The ElfQuiz Parody: The Revisionist History: Take-a-Look 1: Perspire and Blight

Chapter 3: Stepping in and Messing Everything Up
Clearbrook was an addict. If there was something for her to get hooked on, she would find it. It could be food in general, dreamberries, the even-more-addictive moonpetal flowers, or just about anything else. She stood there, her head spinning like an off-balance top, and tried to drain a "cactus" (but since this was actually a swamp, she got a dead frog instead) of its water. Gulping down the vulgar substance, she sighed deeply and said, "Oh, my, my, am I ever high..."

Sitting beside his mother, Scouter could do little but hang his head in agony. Why his family had to humiliate him at every turn of the trail, he did not know. It had all begun many turns back, before his birth. Several events which he had no control over now haunted him with every passing hour. Feeling sick of it all, he kicked the ground, but only succeeded in unearthing a cockroach.

Meanwhile, One-Eye was in his usual mood: awful. He tended to mumble... a lot. Few elves ever paid any attention to him. Since he was quoted with saying, "Another day, another dumb human," "I never liked this in the first place," and even "My life is falling apart even as I speak," he was unanimously hated by others.
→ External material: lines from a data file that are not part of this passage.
lemma ceiling_divide_bounds:
  fixes k J :: nat
  assumes "J \<ge> 1" "k \<ge> 1"
  shows "\<lceil>real k / real J\<rceil> \<ge> 1" "(\<lceil>real k / real J\<rceil> - 1) * int J < int k"
proof -
  show "\<lceil>real k / real J\<rceil> \<ge> 1" using assms by (simp add: divide_pos_pos)
  have "real_of_int (\<lceil>real k / real J\<rceil> - 1) * real J < real k"
    using assms ceiling_correct[of "real k / real J"] by (simp add: pos_less_divide_eq)
  then have "real_of_int ((\<lceil>real k / real J\<rceil> - 1) * int J) < real_of_int (int k)" by simp
  then show "(\<lceil>real k / real J\<rceil> - 1) * int J < int k" by (simp only: of_int_less_iff)
qed

text \<open>\<open>D T\<close> abstracts the dimension of the code shortened at \<open>T\<close>, and \<open>R i\<close> a repair group
  of size \<open>r i\<close> for the coordinate \<open>i\<close>.\<close>
locale locality_profile =
  fixes n d :: nat and D :: "nat set \<Rightarrow> nat" and r :: "nat \<Rightarrow> nat" and R :: "nat \<Rightarrow> nat set"
  assumes D_le_D_insert: "T \<subseteq> {..<n} \<Longrightarrow> j < n \<Longrightarrow> D T \<le> D (insert j T) + 1"
    and card_add_min_dist_le: "T \<subseteq> {..<n} \<Longrightarrow> D T \<ge> 1 \<Longrightarrow> card T + d \<le> n"
    and repair_group_subset: "i < n \<Longrightarrow> R i \<subseteq> {..<n} - {i}"
    and card_repair_group: "i < n \<Longrightarrow> card (R i) = r i"
    and D_insert_repaired: "i < n \<Longrightarrow> R i \<subseteq> T \<Longrightarrow> T \<subseteq> {..<n} \<Longrightarrow> D (insert i T) = D T"
    and min_dist_pos: "d \<ge> 1"
begin

lemma D_le_D_union:
  assumes "finite X" "X \<subseteq> {..<n}" "T \<subseteq> {..<n}"
  shows "D T \<le> D (T \<union> X) + card X"
  using assms
proof (induction X rule: finite_induct)
  case empty then show ?case by simp
next
  case (insert x F)
  then have "D T \<le> D (T \<union> F) + card F" "D (T \<union> F) \<le> D (insert x (T \<union> F)) + 1"
    using D_le_D_insert[of "T \<union> F" x] by auto
  then show ?case using insert by simp
qed

text \<open>Shortening at one more coordinate lowers \<open>D\<close> by at most one, so we may shorten until
  \<open>D = 1\<close> and then apply the weight bound.\<close>
lemma singleton_bound:
  assumes "T \<subseteq> {..<n}" "D T \<ge> 1"
  shows "card T + D T + d \<le> n + 1"
  using assms
proof (induction "n - card T" arbitrary: T rule: less_induct)
  case less
  show ?case
  proof (cases "D T = 1")
    case True then show ?thesis using card_add_min_dist_le[OF less.prems] by simp
  next
    case False
    have "card T + d \<le> n" using card_add_min_dist_le[OF less.prems] .
    then have "card T < card {..<n}" using min_dist_pos by simp
    then obtain j where j: "j < n" "j \<notin> T"
      by (metis lessThan_iff less.prems(1) psubset_card_mono subsetI subset_antisym finite_lessThan less_irrefl)
    have T': "insert j T \<subseteq> {..<n}" and c: "card (insert j T) = card T + 1"
      using j less.prems(1) finite_subset[OF less.prems(1)] by auto
    have "D (insert j T) \<ge> 1" using D_le_D_insert[OF less.prems(1) j(1)] False less.prems(2) by linarith
    moreover have "n - card (insert j T) < n - card T" using c \<open>card T + d \<le> n\<close> min_dist_pos by simp
    ultimately have "card (insert j T) + D (insert j T) + d \<le> n + 1" using less.hyps T' by blast
    then show ?thesis using D_le_D_insert[OF less.prems(1) j(1)] c by linarith
  qed
qed

lemma greedy_extension:
  assumes U: "U \<subseteq> {..<n}" and i: "i < n" "i \<notin> U"
  shows "insert i (U \<union> R i) \<subseteq> {..<n}" "insert i (U \<union> R i) - U = insert i (R i - U)"
    and "card (insert i (U \<union> R i)) = card U + 1 + card (R i - U)"
    and "D U \<le> D (insert i (U \<union> R i)) + card (R i - U)"
    and "card (R i - U) \<le> r i"
proof -
  have Ri: "R i \<subseteq> {..<n} - {i}" using repair_group_subset[OF i(1)] .
  show "insert i (U \<union> R i) \<subseteq> {..<n}" "insert i (U \<union> R i) - U = insert i (R i - U)"
    using U i Ri by auto
  have fin: "finite U" "finite (R i)" using U Ri by (auto intro: finite_subset)
  have "card (insert i (U \<union> R i)) = card (U \<union> R i) + 1" using fin i Ri by (auto simp: card_insert_if)
  also have "U \<union> R i = U \<union> (R i - U)" by blast
  also have "card \<dots> = card U + card (R i - U)" using fin by (intro card_Un_disjoint) auto
  finally show "card (insert i (U \<union> R i)) = card U + 1 + card (R i - U)" by simp
  have "D U \<le> D (U \<union> (R i - U)) + card (R i - U)"
    by (rule D_le_D_union) (use fin U Ri in auto)
  also have "U \<union> (R i - U) = U \<union> R i" by blast
  also have "D (U \<union> R i) = D (insert i (U \<union> R i))"
    by (rule D_insert_repaired[symmetric]) (use i U Ri in auto)
  finally show "D U \<le> D (insert i (U \<union> R i)) + card (R i - U)" .
  show "card (R i - U) \<le> r i"
    using card_mono[OF fin(2), of "R i - U"] card_repair_group[OF i(1)] by auto
qed

lemma sum_remaining_ge_greedy_group:
  assumes U: "U \<subseteq> {..<n}" and i: "i < n" "i \<notin> U"
    and i_min: "\<And>j. j \<in> {..<n} - U \<Longrightarrow> r i \<le> r j"
  shows "(1 + int (card (R i - U))) * int (r i) + (\<Sum>j\<in>{..<n} - insert i (U \<union> R i). int (r j))
           \<le> (\<Sum>j\<in>{..<n} - U. int (r j))"
proof -
  let ?G = "insert i (R i - U)" and ?U' = "insert i (U \<union> R i)"
  have Ri: "finite (R i)" "i \<notin> R i" using repair_group_subset[OF i(1)] by (auto intro: finite_subset)
  have "(1 + int (card (R i - U))) * int (r i) = (\<Sum>j\<in>?G. int (r i))" using Ri by simp
  also have "\<dots> \<le> (\<Sum>j\<in>?G. int (r j))"
    using greedy_extension(1)[OF U i] i(2) i_min by (intro sum_mono) auto
  finally have "(1 + int (card (R i - U))) * int (r i) \<le> (\<Sum>j\<in>?G. int (r j))" .
  moreover have "(\<Sum>j\<in>{..<n} - U. int (r j)) = (\<Sum>j\<in>?G. int (r j)) + (\<Sum>j\<in>{..<n} - ?U'. int (r j))"
  proof -
    have "{..<n} - ?U' \<subseteq> {..<n} - U" by blast
    moreover have "({..<n} - U) - ({..<n} - ?U') = ?G" using greedy_extension(1,2)[OF U i] by blast
    ultimately show ?thesis using sum.subset_diff[of "{..<n} - ?U'" "{..<n} - U" "\<lambda>j. int (r j)"] by simp
  qed
  ultimately show ?thesis by linarith
qed

text \<open>The defect of the Singleton bound after shortening at \<open>U\<close>.\<close>
definition slack :: "nat set \<Rightarrow> int" where
  "slack U = int n + 1 - int d - int (card U) - int (D U)"

lemma slack_nonneg:
  assumes "U \<subseteq> {..<n}" "D U \<ge> 1"
  shows "slack U \<ge> 0"
  using singleton_bound[OF assms] unfolding slack_def by linarith

lemma sum_remaining_locality_ge_of_lower_bound:
  assumes U: "U \<subseteq> {..<n}" and DU: "D U \<ge> 1" and t: "t \<ge> 1" "t \<le> \<rho>" and "D U \<le> \<rho>"
    and \<rho>: "\<And>j. j \<in> {..<n} - U \<Longrightarrow> \<rho> \<le> r j"
  shows "int t * (int d - 1 + 2 * int (D U) - int t - slack U * (int t - 1))
           \<le> (\<Sum>j\<in>{..<n} - U. int (r j))"
proof -
  have "card U + d \<le> n" using card_add_min_dist_le[OF U DU] .
  moreover have "card ({..<n} - U) = n - card U" using U by (simp add: card_Diff_subset finite_subset)
  ultimately have "int \<rho> * (slack U + int d - 1 + int (D U)) = (\<Sum>j\<in>{..<n} - U. int \<rho>)"
    unfolding slack_def by (simp add: algebra_simps)
  also have "\<dots> \<le> (\<Sum>j\<in>{..<n} - U. int (r j))" using \<rho> by (intro sum_mono) auto
  finally have "int \<rho> * (slack U + int d - 1 + int (D U)) \<le> (\<Sum>j\<in>{..<n} - U. int (r j))" .
  moreover have "int t * (int d - 1 + 2 * int (D U) - int t - slack U * (int t - 1))
      \<le> int \<rho> * (slack U + int d - 1 + int (D U))"
    by (rule terminal_step_inequality) (use assms slack_nonneg[OF U DU] min_dist_pos in auto)
  ultimately show ?thesis by linarith
qed

text \<open>Greedy argument: shorten at a remaining coordinate \<open>i\<close> of least locality together with its
  repair group; each of the \<open>1 + a\<close> new coordinates has locality at least \<open>r i\<close>, while \<open>D\<close> drops
  by at most \<open>a\<close>. The second disjunct of the hypothesis excludes that the process stops at a
  coordinate of locality below \<open>t\<close>, and it is inherited by the next step.\<close>
lemma sum_remaining_locality_ge:
  assumes "U \<subseteq> {..<n}" "D U \<ge> 1" "t \<ge> 1"
    and "(\<forall>j\<in>{..<n} - U. t \<le> r j) \<or> (int t - 1) * (slack U + 1) < int (D U)"
  shows "int t * (int d - 1 + 2 * int (D U) - int t - slack U * (int t - 1))
           \<le> (\<Sum>j\<in>{..<n} - U. int (r j))"
  using assms
proof (induction "n - card U" arbitrary: U rule: less_induct)
  case less
  note U = less.prems(1) and DU = less.prems(2) and t = less.prems(3)
  have "card U + d \<le> n" using card_add_min_dist_le[OF U DU] .
  then have "{..<n} - U \<noteq> {}"
    using min_dist_pos card_mono[OF finite_subset[OF U], of "{..<n}"] by auto
  then obtain i where "is_arg_min r (\<lambda>j. j \<in> {..<n} - U) i"
    using ex_is_arg_min_if_finite[of "{..<n} - U" r] by blast
  then have i: "i < n" "i \<notin> U" and i_min: "\<And>j. j \<in> {..<n} - U \<Longrightarrow> r i \<le> r j"
    unfolding is_arg_min_linorder by auto
  define a where "a = card (R i - U)"
  define U' where "U' = insert i (U \<union> R i)"
  have U': "U' \<subseteq> {..<n}" "card U' = card U + 1 + a" "D U \<le> D U' + a" and a_le: "a \<le> r i"
    using greedy_extension[OF U i] unfolding U'_def a_def by auto
  have group: "(1 + int a) * int (r i) + (\<Sum>j\<in>{..<n} - U'. int (r j)) \<le> (\<Sum>j\<in>{..<n} - U. int (r j))"
    using sum_remaining_ge_greedy_group[OF U i i_min] unfolding U'_def a_def .
  have t_cases: "t \<le> r i \<or> (int t - 1) * (slack U + 1) < int (D U)" using less.prems(4) i by auto
  show ?case
  proof (cases "D U' = 0")
    case True
    then have DU_le: "D U \<le> r i" using U' a_le by simp
    have "t \<le> r i"
    proof (rule ccontr)
      assume "\<not> t \<le> r i"
      then have "(int t - 1) * (slack U + 1) < int (D U)" using t_cases by simp
      moreover have "int t - 1 \<le> (int t - 1) * (slack U + 1)"
        using slack_nonneg[OF U DU] t mult_left_mono[of 1 "slack U + 1" "int t - 1"] by simp
      ultimately show False using DU_le \<open>\<not> t \<le> r i\<close> by linarith
    qed
    then show ?thesis using sum_remaining_locality_ge_of_lower_bound[OF U DU t _ DU_le i_min] by blast
  next
    case False
    define \<Delta> where "\<Delta> = int (D U) - int (D U')"
    have slack': "slack U' = slack U - 1 - int a + \<Delta>" unfolding slack_def \<Delta>_def using U' by simp
    have \<Delta>_le: "\<Delta> \<le> int a" using U' unfolding \<Delta>_def by linarith
    have "(\<forall>j\<in>{..<n} - U'. t \<le> r j) \<or> (int t - 1) * (slack U' + 1) < int (D U')"
    proof (cases "t \<le> r i")
      case True
      then show ?thesis using i_min unfolding U'_def by fastforce
    next
      case False
      then have "(int t - 1) * (slack U + 1) < int (D U)" using t_cases by simp
      moreover have "(int t - 1) * (slack U' + 1) \<le> (int t - 1) * slack U"
        using slack' \<Delta>_le t by (simp add: mult_left_mono)
      moreover have "\<Delta> \<le> int t - 1" using \<Delta>_le a_le False by linarith
      ultimately show ?thesis unfolding \<Delta>_def by (simp add: algebra_simps)
    qed
    moreover have "n - card U' < n - card U" using U' card_mono[OF finite_lessThan U'(1)] by simp
    ultimately have IH: "int t * (int d - 1 + 2 * int (D U') - int t - slack U' * (int t - 1))
        \<le> (\<Sum>j\<in>{..<n} - U'. int (r j))"
      using less.hyps U'(1) False t by simp
    have "2 * int t * \<Delta> \<le> int (r i) * (1 + int a) + int t * (int t - 1) * (1 + int a - \<Delta>)"
      by (rule greedy_step_inequality) (use a_le \<Delta>_le t in auto)
    moreover have "(1 + int a) * int (r i)
        + int t * (int d - 1 + 2 * int (D U') - int t - slack U' * (int t - 1))
        \<le> (\<Sum>j\<in>{..<n} - U. int (r j))"
      using group IH by linarith
    moreover have "int (D U') = int (D U) - \<Delta>" unfolding \<Delta>_def by simp
    ultimately show ?thesis using slack' by (simp add: algebra_simps)
  qed
qed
To be direct and honest, the malfunctional family probably would have just stayed there. But then a familiar green-clad Wolfrider started to descend from the cliffs. She called out to them, "You can't just stay here ALONE FOREVER!"

"Just watch us, why don't you," grumbled One-Eye, but he was wisely ignored.

Scouter sprang to his feet, glad to be relieved of taking care of his relatives. "Where to? Where to??" the youth exclaimed, jumping and twirling a full 360.

The one comment that came from the mouth of Clearbrook was, "Huh?!" It was only excusable because she was currently high on water (or maybe the frog).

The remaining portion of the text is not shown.